• Exercise prompt
Of the records that follow, copy only the lines from the line containing "theory Submission" to the line containing "delta $ i >", both included, exactly as written.

• Exercise data
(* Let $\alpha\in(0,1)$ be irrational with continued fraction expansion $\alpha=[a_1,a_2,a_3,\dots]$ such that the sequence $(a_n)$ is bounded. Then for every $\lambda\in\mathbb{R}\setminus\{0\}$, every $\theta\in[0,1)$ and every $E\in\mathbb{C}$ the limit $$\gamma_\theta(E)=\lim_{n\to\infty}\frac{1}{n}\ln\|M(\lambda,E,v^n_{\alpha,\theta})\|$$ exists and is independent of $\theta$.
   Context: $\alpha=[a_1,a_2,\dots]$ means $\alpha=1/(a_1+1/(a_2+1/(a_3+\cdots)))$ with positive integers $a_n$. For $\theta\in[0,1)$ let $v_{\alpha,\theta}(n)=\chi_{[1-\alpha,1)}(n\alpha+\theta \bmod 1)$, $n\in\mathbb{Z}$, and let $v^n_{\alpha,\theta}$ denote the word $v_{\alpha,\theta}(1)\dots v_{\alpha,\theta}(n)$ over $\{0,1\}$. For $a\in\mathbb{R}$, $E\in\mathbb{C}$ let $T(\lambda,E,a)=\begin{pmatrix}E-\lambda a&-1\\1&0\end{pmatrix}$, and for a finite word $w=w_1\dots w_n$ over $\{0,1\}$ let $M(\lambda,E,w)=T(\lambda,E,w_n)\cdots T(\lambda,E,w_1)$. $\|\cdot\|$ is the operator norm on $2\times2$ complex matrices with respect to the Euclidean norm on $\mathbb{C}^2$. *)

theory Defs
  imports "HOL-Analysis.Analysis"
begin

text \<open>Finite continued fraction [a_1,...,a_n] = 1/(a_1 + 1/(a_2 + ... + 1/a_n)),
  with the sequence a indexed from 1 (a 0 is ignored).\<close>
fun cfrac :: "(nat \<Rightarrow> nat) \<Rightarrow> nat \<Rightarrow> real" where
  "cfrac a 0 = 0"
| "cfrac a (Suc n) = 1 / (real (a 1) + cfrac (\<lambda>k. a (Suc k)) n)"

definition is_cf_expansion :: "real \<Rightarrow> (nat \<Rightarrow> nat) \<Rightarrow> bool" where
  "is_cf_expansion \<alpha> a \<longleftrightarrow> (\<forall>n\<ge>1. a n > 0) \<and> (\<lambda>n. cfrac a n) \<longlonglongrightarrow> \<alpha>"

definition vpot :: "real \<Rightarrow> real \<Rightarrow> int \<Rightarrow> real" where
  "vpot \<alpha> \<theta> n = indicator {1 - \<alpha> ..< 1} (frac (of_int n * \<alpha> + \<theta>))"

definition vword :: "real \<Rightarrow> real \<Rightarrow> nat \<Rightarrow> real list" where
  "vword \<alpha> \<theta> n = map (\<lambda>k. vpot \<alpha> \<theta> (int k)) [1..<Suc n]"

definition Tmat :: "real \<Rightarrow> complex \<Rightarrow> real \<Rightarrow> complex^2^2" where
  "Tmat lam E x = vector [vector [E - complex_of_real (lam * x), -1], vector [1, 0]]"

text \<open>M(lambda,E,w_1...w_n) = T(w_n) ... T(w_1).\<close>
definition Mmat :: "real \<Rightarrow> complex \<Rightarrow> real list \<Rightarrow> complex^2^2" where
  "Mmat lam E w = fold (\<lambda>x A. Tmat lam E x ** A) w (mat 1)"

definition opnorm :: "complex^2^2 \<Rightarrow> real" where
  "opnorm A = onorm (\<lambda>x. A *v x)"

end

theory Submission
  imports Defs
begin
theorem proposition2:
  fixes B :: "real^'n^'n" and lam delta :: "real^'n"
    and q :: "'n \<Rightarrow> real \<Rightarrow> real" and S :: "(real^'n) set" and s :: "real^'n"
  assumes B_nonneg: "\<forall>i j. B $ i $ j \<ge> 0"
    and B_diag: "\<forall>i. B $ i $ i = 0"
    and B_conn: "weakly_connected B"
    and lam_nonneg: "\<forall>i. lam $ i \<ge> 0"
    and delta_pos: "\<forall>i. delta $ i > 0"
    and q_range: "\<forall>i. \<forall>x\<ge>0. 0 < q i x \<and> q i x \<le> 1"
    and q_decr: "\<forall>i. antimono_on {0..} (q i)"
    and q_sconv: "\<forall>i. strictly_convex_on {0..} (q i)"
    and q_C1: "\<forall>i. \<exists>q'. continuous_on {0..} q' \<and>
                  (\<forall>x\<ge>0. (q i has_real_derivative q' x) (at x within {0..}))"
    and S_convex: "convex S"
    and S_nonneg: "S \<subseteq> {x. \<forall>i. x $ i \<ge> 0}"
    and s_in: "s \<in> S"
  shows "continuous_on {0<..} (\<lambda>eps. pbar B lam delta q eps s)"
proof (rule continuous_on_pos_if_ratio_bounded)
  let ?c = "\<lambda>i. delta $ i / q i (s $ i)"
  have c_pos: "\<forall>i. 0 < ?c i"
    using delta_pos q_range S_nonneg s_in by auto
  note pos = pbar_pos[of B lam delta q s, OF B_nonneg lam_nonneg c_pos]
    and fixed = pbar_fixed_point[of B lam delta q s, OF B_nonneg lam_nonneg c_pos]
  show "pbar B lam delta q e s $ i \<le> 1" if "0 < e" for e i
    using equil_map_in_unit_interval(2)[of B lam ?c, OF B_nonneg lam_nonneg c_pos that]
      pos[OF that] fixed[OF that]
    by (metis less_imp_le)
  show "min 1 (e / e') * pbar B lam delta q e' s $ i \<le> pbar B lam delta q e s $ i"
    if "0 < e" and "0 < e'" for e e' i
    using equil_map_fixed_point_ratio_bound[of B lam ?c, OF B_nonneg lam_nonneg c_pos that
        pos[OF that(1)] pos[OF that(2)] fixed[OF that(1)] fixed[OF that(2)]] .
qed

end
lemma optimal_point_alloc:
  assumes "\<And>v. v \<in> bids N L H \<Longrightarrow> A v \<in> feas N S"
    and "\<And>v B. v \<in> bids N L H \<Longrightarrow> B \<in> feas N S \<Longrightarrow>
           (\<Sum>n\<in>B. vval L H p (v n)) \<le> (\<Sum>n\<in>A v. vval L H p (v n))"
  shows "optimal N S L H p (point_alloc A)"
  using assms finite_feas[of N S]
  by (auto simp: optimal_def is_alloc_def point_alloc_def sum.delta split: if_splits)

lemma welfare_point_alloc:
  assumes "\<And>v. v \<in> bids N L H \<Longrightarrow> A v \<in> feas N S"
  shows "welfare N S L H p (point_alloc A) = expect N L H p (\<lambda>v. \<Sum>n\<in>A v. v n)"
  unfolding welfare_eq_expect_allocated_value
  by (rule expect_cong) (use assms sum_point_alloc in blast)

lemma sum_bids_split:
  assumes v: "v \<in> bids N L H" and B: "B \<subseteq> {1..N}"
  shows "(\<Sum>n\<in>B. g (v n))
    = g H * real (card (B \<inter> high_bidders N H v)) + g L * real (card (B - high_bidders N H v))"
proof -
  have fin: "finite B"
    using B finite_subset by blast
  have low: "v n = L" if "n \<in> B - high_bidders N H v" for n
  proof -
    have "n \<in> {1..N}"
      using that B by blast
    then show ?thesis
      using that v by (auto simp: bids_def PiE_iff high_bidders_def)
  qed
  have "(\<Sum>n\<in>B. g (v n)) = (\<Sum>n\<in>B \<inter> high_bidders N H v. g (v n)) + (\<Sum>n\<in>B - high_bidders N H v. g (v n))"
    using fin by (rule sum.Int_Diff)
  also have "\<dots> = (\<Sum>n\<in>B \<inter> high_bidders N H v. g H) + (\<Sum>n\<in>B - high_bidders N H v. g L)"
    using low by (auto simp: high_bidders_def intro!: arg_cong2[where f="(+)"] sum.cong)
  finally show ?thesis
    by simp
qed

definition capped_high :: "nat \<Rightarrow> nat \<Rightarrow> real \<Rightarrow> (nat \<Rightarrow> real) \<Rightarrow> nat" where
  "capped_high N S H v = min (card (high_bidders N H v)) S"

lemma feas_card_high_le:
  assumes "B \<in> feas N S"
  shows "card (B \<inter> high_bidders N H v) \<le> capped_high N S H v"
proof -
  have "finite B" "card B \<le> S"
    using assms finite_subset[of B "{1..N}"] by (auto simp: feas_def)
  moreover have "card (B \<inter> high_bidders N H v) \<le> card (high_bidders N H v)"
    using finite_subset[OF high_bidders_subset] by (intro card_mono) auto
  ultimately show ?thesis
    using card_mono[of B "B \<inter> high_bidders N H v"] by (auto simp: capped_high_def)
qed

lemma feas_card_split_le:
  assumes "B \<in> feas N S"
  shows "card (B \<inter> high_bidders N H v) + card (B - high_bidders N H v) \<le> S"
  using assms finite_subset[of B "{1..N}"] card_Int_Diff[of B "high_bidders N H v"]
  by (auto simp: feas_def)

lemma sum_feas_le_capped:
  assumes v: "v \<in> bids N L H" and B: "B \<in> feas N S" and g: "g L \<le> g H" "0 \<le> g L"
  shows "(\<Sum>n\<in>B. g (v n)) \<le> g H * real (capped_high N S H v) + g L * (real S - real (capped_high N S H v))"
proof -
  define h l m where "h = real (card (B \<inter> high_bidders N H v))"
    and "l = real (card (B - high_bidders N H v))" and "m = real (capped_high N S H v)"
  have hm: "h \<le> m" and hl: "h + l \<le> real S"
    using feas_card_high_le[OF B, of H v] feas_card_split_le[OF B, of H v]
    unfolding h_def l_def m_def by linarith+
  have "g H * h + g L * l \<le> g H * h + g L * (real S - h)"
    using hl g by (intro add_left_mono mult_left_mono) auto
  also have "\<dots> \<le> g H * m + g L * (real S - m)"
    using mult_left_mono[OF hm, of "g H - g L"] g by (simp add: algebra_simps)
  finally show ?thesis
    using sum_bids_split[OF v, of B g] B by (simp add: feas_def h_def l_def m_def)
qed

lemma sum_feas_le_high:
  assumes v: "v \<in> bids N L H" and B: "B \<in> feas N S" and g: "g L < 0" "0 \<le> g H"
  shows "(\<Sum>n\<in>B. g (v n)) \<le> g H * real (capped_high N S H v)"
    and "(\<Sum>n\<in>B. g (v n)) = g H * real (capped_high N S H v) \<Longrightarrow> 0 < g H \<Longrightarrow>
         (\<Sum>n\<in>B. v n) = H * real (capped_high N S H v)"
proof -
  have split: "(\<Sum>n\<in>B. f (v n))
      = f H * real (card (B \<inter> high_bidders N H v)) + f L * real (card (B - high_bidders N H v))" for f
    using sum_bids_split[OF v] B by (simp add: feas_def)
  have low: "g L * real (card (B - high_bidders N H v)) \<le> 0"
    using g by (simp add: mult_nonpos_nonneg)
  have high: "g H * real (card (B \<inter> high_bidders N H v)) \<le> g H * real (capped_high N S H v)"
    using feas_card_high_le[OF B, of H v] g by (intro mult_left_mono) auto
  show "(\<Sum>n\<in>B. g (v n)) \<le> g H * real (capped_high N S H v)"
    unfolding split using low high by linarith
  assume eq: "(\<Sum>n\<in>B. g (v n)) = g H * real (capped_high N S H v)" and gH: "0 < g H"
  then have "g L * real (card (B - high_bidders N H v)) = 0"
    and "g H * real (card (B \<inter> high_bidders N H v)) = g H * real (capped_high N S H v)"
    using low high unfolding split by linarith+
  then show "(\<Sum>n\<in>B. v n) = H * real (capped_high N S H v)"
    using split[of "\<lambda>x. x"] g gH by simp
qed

• Written answer
theory Submission
  imports Defs
begin
theorem proposition2:
  fixes B :: "real^'n^'n" and lam delta :: "real^'n"
    and q :: "'n \<Rightarrow> real \<Rightarrow> real" and S :: "(real^'n) set" and s :: "real^'n"
  assumes B_nonneg: "\<forall>i j. B $ i $ j \<ge> 0"
    and B_diag: "\<forall>i. B $ i $ i = 0"
    and B_conn: "weakly_connected B"
    and lam_nonneg: "\<forall>i. lam $ i \<ge> 0"
    and delta_pos: "\<forall>i. delta $ i > 0"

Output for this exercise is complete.